IntLIM: integration using linear models of metabolomics and gene expression data.

机构信息

Department of Biomedical Informatics, College of Medicine, The Ohio State University, Columbus, OH, USA.

Biomedical Engineering Undegraduate Program, The Ohio State University, Columbus, OH, 43210, USA.

出版信息

BMC Bioinformatics. 2018 Mar 5;19(1):81. doi: 10.1186/s12859-018-2085-6.

Abstract

BACKGROUND

Integration of transcriptomic and metabolomic data improves functional interpretation of disease-related metabolomic phenotypes, and facilitates discovery of putative metabolite biomarkers and gene targets. For this reason, these data are increasingly collected in large (> 100 participants) cohorts, thereby driving a need for the development of user-friendly and open-source methods/tools for their integration. Of note, clinical/translational studies typically provide snapshot (e.g. one time point) gene and metabolite profiles and, oftentimes, most metabolites measured are not identified. Thus, in these types of studies, pathway/network approaches that take into account the complexity of transcript-metabolite relationships may neither be applicable nor readily uncover novel relationships. With this in mind, we propose a simple linear modeling approach to capture disease-(or other phenotype) specific gene-metabolite associations, with the assumption that co-regulation patterns reflect functionally related genes and metabolites.

RESULTS

The proposed linear model, metabolite ~ gene + phenotype + gene:phenotype, specifically evaluates whether gene-metabolite relationships differ by phenotype, by testing whether the relationship in one phenotype is significantly different from the relationship in another phenotype (via a statistical interaction gene:phenotype p-value).

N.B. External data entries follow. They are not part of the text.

(* Let $\{R_i\}_{i}$ be an arbitrary family of avoidance rings and $R=\prod_i R_i$. Then $R$ is an avoidance ring if and only if $R/I$ is an avoidance ring, where $I=\bigoplus_i R_i\subseteq R$ is the ideal of elements with only finitely many nonzero coordinates.
   Context: All rings are commutative with $1\neq 0$. An ideal $I$ of a ring $R$ has avoidance if whenever $I_1,\ldots,I_n$ are finitely many ideals of $R$ with $I\subseteq\bigcup_{k=1}^n I_k$, then $I\subseteq I_k$ for some $k$. A ring is an avoidance ring if every ideal of it has avoidance. *)

theory Defs
  imports "HOL-Algebra.QuotRing"
begin

definition has_avoidance :: "('a, 'b) ring_scheme \<Rightarrow> 'a set \<Rightarrow> bool" where
  "has_avoidance R J \<longleftrightarrow>
     (\<forall>S. finite S \<longrightarrow> (\<forall>K\<in>S. ideal K R) \<longrightarrow> J \<subseteq> \<Union>S \<longrightarrow> (\<exists>K\<in>S. J \<subseteq> K))"

definition avoidance_ring :: "('a, 'b) ring_scheme \<Rightarrow> bool" where
  "avoidance_ring R \<longleftrightarrow> (\<forall>J. ideal J R \<longrightarrow> has_avoidance R J)"

definition prod_ring :: "'i set \<Rightarrow> ('i \<Rightarrow> ('a, 'b) ring_scheme) \<Rightarrow> ('i \<Rightarrow> 'a) ring" where
  "prod_ring Idx R =
     \<lparr> carrier = (\<Pi>\<^sub>E i\<in>Idx. carrier (R i)),
       mult = (\<lambda>f g. restrict (\<lambda>i. f i \<otimes>\<^bsub>R i\<^esub> g i) Idx),
       one = restrict (\<lambda>i. \<one>\<^bsub>R i\<^esub>) Idx,
       zero = restrict (\<lambda>i. \<zero>\<^bsub>R i\<^esub>) Idx,
       add = (\<lambda>f g. restrict (\<lambda>i. f i \<oplus>\<^bsub>R i\<^esub> g i) Idx) \<rparr>"

definition direct_sum_ideal :: "'i set \<Rightarrow> ('i \<Rightarrow> ('a, 'b) ring_scheme) \<Rightarrow> ('i \<Rightarrow> 'a) set" where
  "direct_sum_ideal Idx R =
     {f \<in> carrier (prod_ring Idx R). finite {i \<in> Idx. f i \<noteq> \<zero>\<^bsub>R i\<^esub>}}"

end

theory Submission
  imports Defs
begin

text \<open>
  A quotient of an avoidance ring is an avoidance ring, which gives one direction. Conversely,
  let an ideal J of the product be covered by finitely many ideals. Multiplying by the idempotent
  supported on a finite set F of coordinates, the projection J_F of J is contained in one of the
  covering ideals: this is an induction on F, using avoidance in each factor for a single
  coordinate and, to glue two disjoint coordinate sets A and B, the fact that for j, j' in J
  the element e_A j + e_B j' lies in J. The set of covering ideals containing J_F shrinks as F
  grows, so it stabilises at some finite F0. The same gluing argument puts every e_(-F0) j in one
  of these stable ideals, so J is covered modulo the direct sum by them, and avoidance in the
  quotient yields a stable ideal K with J contained in K + direct sum. Since K contains every
  finite projection of J, the finitely supported correction lies in K, hence J is contained in K.
\<close>

lemma has_avoidanceI:
  assumes "\<And>S. finite S \<Longrightarrow> \<forall>K\<in>S. ideal K R \<Longrightarrow> J \<subseteq> \<Union>S \<Longrightarrow> \<exists>K\<in>S. J \<subseteq> K"
  shows "has_avoidance R J"
  using assms unfolding has_avoidance_def by blast

lemma has_avoidanceE:
  assumes "has_avoidance R J" "finite S" "\<forall>K\<in>S. ideal K R" "J \<subseteq> \<Union>S"
  obtains K where "K \<in> S" "J \<subseteq> K"
  using assms unfolding has_avoidance_def by blast

lemma avoidance_ringD: "avoidance_ring R \<Longrightarrow> ideal J R \<Longrightarrow> has_avoidance R J"
  unfolding avoidance_ring_def by blast

lemma (in cring) cring_idealI:
  assumes "I \<subseteq> carrier R" "\<zero> \<in> I" "\<And>a b. a \<in> I \<Longrightarrow> b \<in> I \<Longrightarrow> a \<oplus> b \<in> I"
    and "\<And>a x. a \<in> I \<Longrightarrow> x \<in> carrier R \<Longrightarrow> x \<otimes> a \<in> I"
  shows "ideal I R"
proof (rule idealI[OF ring_axioms])
  show "subgroup I (add_monoid R)"
  proof (rule add.subgroupI)
    fix a assume a: "a \<in> I"
    then have "\<ominus> \<one> \<otimes> a \<in> I" using assms(4) by simp
    then show "\<ominus> a \<in> I" using a assms(1) by (auto simp: l_minus)
  qed (use assms in auto)
qed (use assms in \<open>auto, metis m_comm subsetD\<close>)

lemma (in ring) mem_set_add_iff_rcos:
  assumes I: "ideal I R" and K: "ideal K R" and x: "x \<in> carrier R"
  shows "x \<in> K <+>\<^bsub>R\<^esub> I \<longleftrightarrow> I +> x \<in> (+>) I ` K"
proof -
  have Ic: "I \<subseteq> carrier R" and Kc: "K \<subseteq> carrier R"
    using I K by (simp_all add: ideal.Icarr subsetI)
  have "(+>) I ` K \<subseteq> carrier (R Quot I)"
    using ideal.Icarr[OF ring_ideal_imp_quot_ideal[OF I K]] by blast
  then have "x \<in> \<Union>((+>) I ` K) \<longleftrightarrow> I +> x \<in> (+>) I ` K"
    by (rule canonical_proj_vimage_mem_iff[OF I _ x])
  moreover have "\<Union>((+>) I ` K) = I <+>\<^bsub>R\<^esub> K"
    unfolding a_r_coset_def' set_add_def' by blast
  ultimately show ?thesis using set_add_comm[OF Ic Kc] by simp
qed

Statistical interaction p-values for all possible gene-metabolite pairs are computed and significant pairs are then clustered by the directionality of associations (e.g. strong positive association in one phenotype, strong negative association in another phenotype). We implemented our approach as an R package, IntLIM, which includes a user-friendly R Shiny web interface, thereby making the integrative analyses accessible to non-computational experts. We applied IntLIM to two previously published datasets, collected in the NCI-60 cancer cell lines and in human breast tumor and non-tumor tissue, for which transcriptomic and metabolomic data are available. We demonstrate that IntLIM captures relevant tumor-specific gene-metabolite associations involved in known cancer-related pathways, including glutamine metabolism. Using IntLIM, we also uncover biologically relevant novel relationships that could be further tested experimentally.

CONCLUSIONS

IntLIM provides a user-friendly, reproducible framework to integrate transcriptomic and metabolomic data and help interpret metabolomic data and uncover novel gene-metabolite relationships. The IntLIM R package is publicly available in GitHub ( https://github.com/mathelab/IntLIM ) and includes a user-friendly web application, vignettes, sample data and data/code to reproduce results.

摘要

背景

整合转录组学和代谢组学数据可以改善与疾病相关的代谢组学表型的功能解释,并有助于发现潜在的代谢物生物标志物和基因靶点。因此,这些数据越来越多地在大型(> 100 个参与者)队列中收集,从而需要开发用户友好和开源的方法/工具来进行整合。值得注意的是,临床/转化研究通常提供(例如一个时间点)基因和代谢物谱的快照,并且通常测量的大多数代谢物都没有被识别。因此,在这些类型的研究中,考虑到转录-代谢物关系复杂性的途径/网络方法可能既不适用,也不容易发现新的关系。考虑到这一点,我们提出了一种简单的线性建模方法来捕捉疾病(或其他表型)特有的基因-代谢物关联,假设共调节模式反映了功能相关的基因和代谢物。

结果

所提出的线性模型,代谢物~基因+表型+基因:表型,专门评估基因-代谢物关系是否因表型而异,通过测试一种表型中的关系是否与另一种表型中的关系显著不同(通过基因:表型 p 值的统计交互)。计算所有可能的基因-代谢物对的统计交互 p 值,然后根据关联的方向(例如,一种表型中强烈的正相关,另一种表型中强烈的负相关)对显著的对进行聚类。我们将我们的方法实现为一个 R 包,IntLIM,它包括一个用户友好的 R Shiny 网络界面,从而使非计算专家也能够进行集成分析。我们将 IntLIM 应用于两个先前发表的数据集,一个在 NCI-60 癌细胞系中收集,另一个在人类乳腺肿瘤和非肿瘤组织中收集,这些数据集中都有转录组学和代谢组学数据。我们证明 IntLIM 可以捕获与已知癌症相关途径(包括谷氨酰胺代谢)相关的肿瘤特异性基因-代谢物关联。使用 IntLIM,我们还发现了可能进一步通过实验测试的生物学相关的新关系。

结论

IntLIM 提供了一个用户友好、可重复的框架来整合转录组学和代谢组学数据,并帮助解释代谢组学数据和发现新的基因-代谢物关系。IntLIM R 包在 GitHub 上公开可用(https://github.com/mathelab/IntLIM),并包括一个用户友好的网络应用程序、简介、示例数据和重现结果的代码。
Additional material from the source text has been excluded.